Nothing but the lines from the one containing "using DERIV_ascent_time_pos[OF \<open>b" through the last line of the records below should be written out, each exactly as it stands.

Stored data:
*****

(* Let $m,g,H,\mathrm{C_dA},\rho,P_0>0$, $\mathrm{C_{rr}}\ge 0$ and $0\le\lambda<1$ be constants. For $D>0$, set $$L(D)=\sqrt{H^2+D^2},\qquad a(D)=m\,g\,(H+\mathrm{C_{rr}}D),\qquad b=\tfrac12\mathrm{C_dA}\,\rho,\qquad c=(1-\lambda)P_0,$$ and let $V(D)$ be the unique positive solution of $$a(D)\,\frac{V}{L(D)}+b\,V^3=c.$$ Define $T(D)=L(D)/V(D)$. Then $$\frac{\mathrm dT}{\mathrm dD}>0\quad\text{for all } D>0.$$ That is, among straight-line ascents with fixed height gain $H$, the ascent time strictly decreases as the horizontal distance $D$ decreases (the climb gets steeper). *)

theory Defs
  imports "HOL-Analysis.Analysis"
begin

end

theory Submission
  imports Defs
begin

text \<open>Dividing the power balance by \<open>V\<close> shows that \<open>V(D)\<close> is the inverse of the strictly
decreasing bijection \<open>\<phi>(v) = c/v - b v\<^sup>2\<close> from \<open>(0,\<infinity>)\<close> onto \<open>\<real>\<close>, evaluated at the resistive
force \<open>F(D) = a(D)/L(D)\<close>. Hence \<open>V' = F'/\<phi>'(V)\<close> with \<open>\<phi>'(V) = -c/V\<^sup>2 - 2bV < 0\<close>. In the
numerator \<open>L'V - LV'\<close> of \<open>T'\<close>, multiplied by \<open>-\<phi>'(V)\<close>, the power balance
\<open>c/V = F + bV\<^sup>2\<close> cancels every term involving \<open>a\<close> except \<open>a'\<close>, leaving \<open>3bV\<^sup>2L' + a'\<close>, which is
positive because \<open>L' = D/L > 0\<close> and \<open>a' = m g Crr \<ge> 0\<close>.\<close>

definition steady_speed :: "real \<Rightarrow> real \<Rightarrow> real \<Rightarrow> real" where
  "steady_speed b c F = (THE v. v > 0 \<and> F * v + b * v ^ 3 = c)"

lemma DERIV_inverse_of_pos_bijection:
  fixes f :: "real \<Rightarrow> real"
  assumes bij: "\<And>y. \<exists>!x. x > 0 \<and> f x = y"
    and cont: "\<And>x. x > 0 \<Longrightarrow> isCont f x"
    and der: "(f has_real_derivative f') (at x)" and "f' \<noteq> 0" and "x > 0"
  shows "((\<lambda>y. THE x. x > 0 \<and> f x = y) has_real_derivative inverse f') (at (f x))"
proof -
  define g where "g y = (THE x. x > 0 \<and> f x = y)" for y
  have f_g: "f (g y) = y" for y
    unfolding g_def using theI'[OF bij] by blast
  have g_f: "g (f z) = z" if "z > 0" for z
    unfolding g_def using bij that by (intro the1_equality) auto
  have "isCont g (f x)"
    by (rule isCont_inverse_function2[of "x / 2" x "2 * x"]) (use \<open>x > 0\<close> g_f cont in auto)
  moreover have "(f has_real_derivative f') (at (g (f x)))"
    using der g_f \<open>x > 0\<close> by simp
  ultimately have "(g has_real_derivative inverse f') (at (f x))"
    by (intro DERIV_inverse_function[where a = "f x - 1" and b = "f x + 1"])
       (use \<open>f' \<noteq> 0\<close> f_g in auto)
  then show ?thesis
    unfolding g_def .
qed

lemma drag_balance_strict_antimono:
  fixes b c v w :: real
  assumes "b > 0" "c > 0" "0 < v" "v < w"
  shows "c / w - b * w\<^sup>2 < c / v - b * v\<^sup>2"
proof -
  have "c / w < c / v"
    using assms by (simp add: frac_less2)
  moreover have "b * v\<^sup>2 < b * w\<^sup>2"
    using assms by (simp add: power_strict_mono)
  ultimately show ?thesis
    by linarith
qed

lemma drag_balance_ex1:
  fixes b c F :: real
  assumes b: "b > 0" and c: "c > 0"
  shows "\<exists>!v. v > 0 \<and> c / v - b * v\<^sup>2 = F"
proof -
  define p where "p v = F * v + b * v ^ 3" for v
  define B where "B = 1 + (c + \<bar>F\<bar>) / b"
  have B: "B \<ge> 1" "b * B \<ge> b + c + \<bar>F\<bar>"
    using b c unfolding B_def by (simp_all add: field_simps)
  moreover have "b * B\<^sup>2 \<ge> b * B"
    using B(1) b by (simp add: power2_eq_square mult_left_mono)
  ultimately have "b * B\<^sup>2 + F \<ge> b + c"
    by linarith
  then have "B * (b * B\<^sup>2 + F) \<ge> 1 * (b + c)"
    using B(1) b c by (intro mult_mono) auto
  then have "p B \<ge> c"
    unfolding p_def using b by (simp add: algebra_simps power3_eq_cube power2_eq_square)
  moreover have "continuous_on {0..B} p"
    unfolding p_def by (intro continuous_intros)
  ultimately obtain v where v: "0 \<le> v" "p v = c"
    using IVT'[of p 0 c B] c B(1) unfolding p_def by auto
  with c have "v > 0"
    unfolding p_def by (cases "v = 0") auto
  with v have "c / v - b * v\<^sup>2 = F"
    unfolding p_def by (simp add: field_simps power3_eq_cube power2_eq_square)
  show ?thesis
  proof (rule ex1I)
    show "v > 0 \<and> c / v - b * v\<^sup>2 = F"
      using \<open>v > 0\<close> \<open>c / v - b * v\<^sup>2 = F\<close> ..
  next
    fix w assume "w > 0 \<and> c / w - b * w\<^sup>2 = F"
    then show "w = v"
      using drag_balance_strict_antimono[OF b c, of w v] drag_balance_strict_antimono[OF b c, of v w]
        \<open>v > 0\<close> \<open>c / v - b * v\<^sup>2 = F\<close>
      by (cases w v rule: linorder_cases) auto
  qed
qed

lemma steady_speed_eq_inverse:
  assumes "b > 0" "c > 0"
  shows "steady_speed b c F = (THE v. v > 0 \<and> c / v - b * v\<^sup>2 = F)"
proof -
  have "F * v + b * v ^ 3 = c \<longleftrightarrow> c / v - b * v\<^sup>2 = F" if "v > 0" for v :: real
    using that by (auto simp: field_simps power3_eq_cube power2_eq_square)
  then have "(\<lambda>v. v > 0 \<and> F * v + b * v ^ 3 = c) = (\<lambda>v. v > 0 \<and> c / v - b * v\<^sup>2 = F)"
    by auto
  then show ?thesis
    unfolding steady_speed_def by simp
qed

lemma
  assumes "b > 0" "c > 0"
  shows steady_speed_pos: "steady_speed b c F > 0"
    and steady_speed_balance: "F * steady_speed b c F + b * steady_speed b c F ^ 3 = c"
proof -
  define v where "v = steady_speed b c F"
  have "v > 0 \<and> c / v - b * v\<^sup>2 = F"
    unfolding v_def steady_speed_eq_inverse[OF assms] by (rule theI'[OF drag_balance_ex1[OF assms]])
  then show "v > 0" "F * v + b * v ^ 3 = c"
    by (auto simp: field_simps power3_eq_cube power2_eq_square)
qed

lemma DERIV_steady_speed:
  fixes b c F :: real
  assumes b: "b > 0" and c: "c > 0"
  defines "v \<equiv> steady_speed b c F"
  shows "(steady_speed b c has_real_derivative inverse (- c / v\<^sup>2 - 2 * b * v)) (at F)"
proof -
  have "v > 0" and "F = c / v - b * v\<^sup>2"
    using steady_speed_pos[OF b c, of F] steady_speed_balance[OF b c, of F] unfolding v_def
    by (auto simp: field_simps power3_eq_cube power2_eq_square)
  moreover have "((\<lambda>v. c / v - b * v\<^sup>2) has_real_derivative - c / v\<^sup>2 - 2 * b * v) (at v)"
    using \<open>v > 0\<close> by (auto intro!: derivative_eq_intros simp: field_simps power2_eq_square)
  moreover have "- c / v\<^sup>2 - 2 * b * v \<noteq> 0"
  proof -
    have "c / v\<^sup>2 > 0" "b * v > 0"
      using \<open>v > 0\<close> b c by simp_all
    then show ?thesis
      by linarith
  qed
  moreover have "isCont (\<lambda>v. c / v - b * v\<^sup>2) x" if "x > 0" for x
    using that by (intro continuous_intros) auto
  ultimately show ?thesis
    unfolding steady_speed_eq_inverse[OF b c, abs_def]
    using DERIV_inverse_of_pos_bijection[OF drag_balance_ex1[OF b c]] by simp
qed

lemma ascent_time_numerator_pos:
  fixes v L L' a a' b c :: real
  assumes "v > 0" "L > 0" "b > 0" "c > 0" "L' > 0" "a' \<ge> 0"
    and balance: "a / L * v + b * v ^ 3 = c"
  shows "L' * v - L * (inverse (- c / v\<^sup>2 - 2 * b * v) * ((a' * L - a * L') / (L * L))) > 0"
proof -
  define P where "P = - c / v\<^sup>2 - 2 * b * v"
  have "c / v\<^sup>2 > 0" "b * v > 0"
    using assms by simp_all
  then have "P < 0"
    unfolding P_def by linarith
  have c_div_v: "c / v = a / L + b * v\<^sup>2"
    using \<open>v > 0\<close> unfolding balance[symmetric] by (simp add: field_simps power2_eq_square power3_eq_cube)
  have "(L' * v - L * (inverse P * ((a' * L - a * L') / (L * L)))) * - P
      = L' * v * - P + L * ((a' * L - a * L') / (L * L))"
    using \<open>P < 0\<close> \<open>L > 0\<close> by (simp add: field_simps)
  also have "\<dots> = L' * (c / v) + 2 * b * v\<^sup>2 * L' + (a' * L - a * L') / L"
    using \<open>v > 0\<close> \<open>L > 0\<close> unfolding P_def by (simp add: field_simps power2_eq_square)
  also have "\<dots> = 3 * b * v\<^sup>2 * L' + a'"
    unfolding c_div_v using \<open>L > 0\<close> by (simp add: field_simps power2_eq_square)
  also have "\<dots> > 0"
    using assms by (simp add: add_pos_nonneg)
  finally have "0 < (L' * v - L * (inverse P * ((a' * L - a * L') / (L * L)))) * - P" .
  then show ?thesis
    unfolding P_def[symmetric] using \<open>P < 0\<close> by (metis zero_less_mult_pos2 neg_0_less_iff_less)
qed

lemma DERIV_ascent_time_pos:
  fixes L a :: "real \<Rightarrow> real"
  assumes "b > 0" "c > 0"
    and dL: "(L has_real_derivative L') (at D)" and "L D > 0" "L' > 0"
    and da: "(a has_real_derivative a') (at D)" and "a' \<ge> 0"
  shows "\<exists>T'. ((\<lambda>x. L x / steady_speed b c (a x / L x)) has_real_derivative T') (at D) \<and> T' > 0"
proof -
  define v where "v = steady_speed b c (a D / L D)"
  have "v > 0" "a D / L D * v + b * v ^ 3 = c"
    unfolding v_def using steady_speed_pos steady_speed_balance \<open>b > 0\<close> \<open>c > 0\<close> by blast+
  define V' where "V' = inverse (- c / v\<^sup>2 - 2 * b * v) * ((a' * L D - a D * L') / (L D * L D))"
  have "((\<lambda>x. steady_speed b c (a x / L x)) has_real_derivative V') (at D)"
    unfolding V'_def v_def using \<open>L D > 0\<close>
    by (intro DERIV_chain2[OF DERIV_steady_speed[OF \<open>b > 0\<close> \<open>c > 0\<close>] DERIV_divide[OF da dL]]) simp
  from DERIV_divide[OF dL this]
  have "((\<lambda>x. L x / steady_speed b c (a x / L x)) has_real_derivative (L' * v - L D * V') / (v * v)) (at D)"
    using \<open>v > 0\<close> unfolding v_def by simp
  moreover have "L' * v - L D * V' > 0"
    unfolding V'_def using ascent_time_numerator_pos \<open>v > 0\<close> \<open>L D > 0\<close> \<open>b > 0\<close> \<open>c > 0\<close>
      \<open>L' > 0\<close> \<open>a' \<ge> 0\<close> \<open>a D / L D * v + b * v ^ 3 = c\<close> by blast
  ultimately show ?thesis
    using \<open>v > 0\<close> by (blast intro: divide_pos_pos mult_pos_pos)
qed

theorem lemma2:
  fixes m g H CdA rho P0 Crr lambda :: real
    and L a V T :: "real \<Rightarrow> real" and b c :: real
  assumes "m > 0" "g > 0" "H > 0" "CdA > 0" "rho > 0" "P0 > 0"
    and "Crr \<ge> 0" and "0 \<le> lambda" "lambda < 1"
  defines "L \<equiv> (\<lambda>D. sqrt (H\<^sup>2 + D\<^sup>2))"
    and "a \<equiv> (\<lambda>D. m * g * (H + Crr * D))"
    and "b \<equiv> 1/2 * CdA * rho"
    and "c \<equiv> (1 - lambda) * P0"
    and "V \<equiv> (\<lambda>D. THE v. v > 0 \<and> a D * (v / L D) + b * v ^ 3 = c)"
    and "T \<equiv> (\<lambda>D. L D / V D)"
  shows "\<forall>D > 0. \<exists>T'. (T has_real_derivative T') (at D) \<and> T' > 0"
proof (intro allI impI)
  fix D :: real
  assume "D > 0"
  have "b > 0" "c > 0" "m * g * Crr \<ge> 0"
    using assms by (simp_all add: b_def c_def)
  have "H\<^sup>2 + D\<^sup>2 > 0"
    using \<open>H > 0\<close> by (simp add: add_pos_nonneg)
  then have "(L has_real_derivative D / L D) (at D)" "L D > 0"
    unfolding L_def by (auto intro!: derivative_eq_intros simp: field_simps power2_eq_square)
  moreover have "(a has_real_derivative m * g * Crr) (at D)"
    unfolding a_def by (auto intro!: derivative_eq_intros)
  moreover have "T = (\<lambda>x. L x / steady_speed b c (a x / L x))"
    unfolding T_def V_def steady_speed_def by (simp add: mult.commute)
  ultimately show "\<exists>T'. (T has_real_derivative T') (at D) \<and> T' > 0"
    using DERIV_ascent_time_pos[OF \<open>b > 0\<close> \<open>c > 0\<close>] \<open>D > 0\<close> \<open>m * g * Crr \<ge> 0\<close> by simp
qed

end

*****

• _Solved problem_:
    using DERIV_ascent_time_pos[OF \<open>b > 0\<close> \<open>c > 0\<close>] \<open>D > 0\<close> \<open>m * g * Crr \<ge> 0\<close> by simp
qed

end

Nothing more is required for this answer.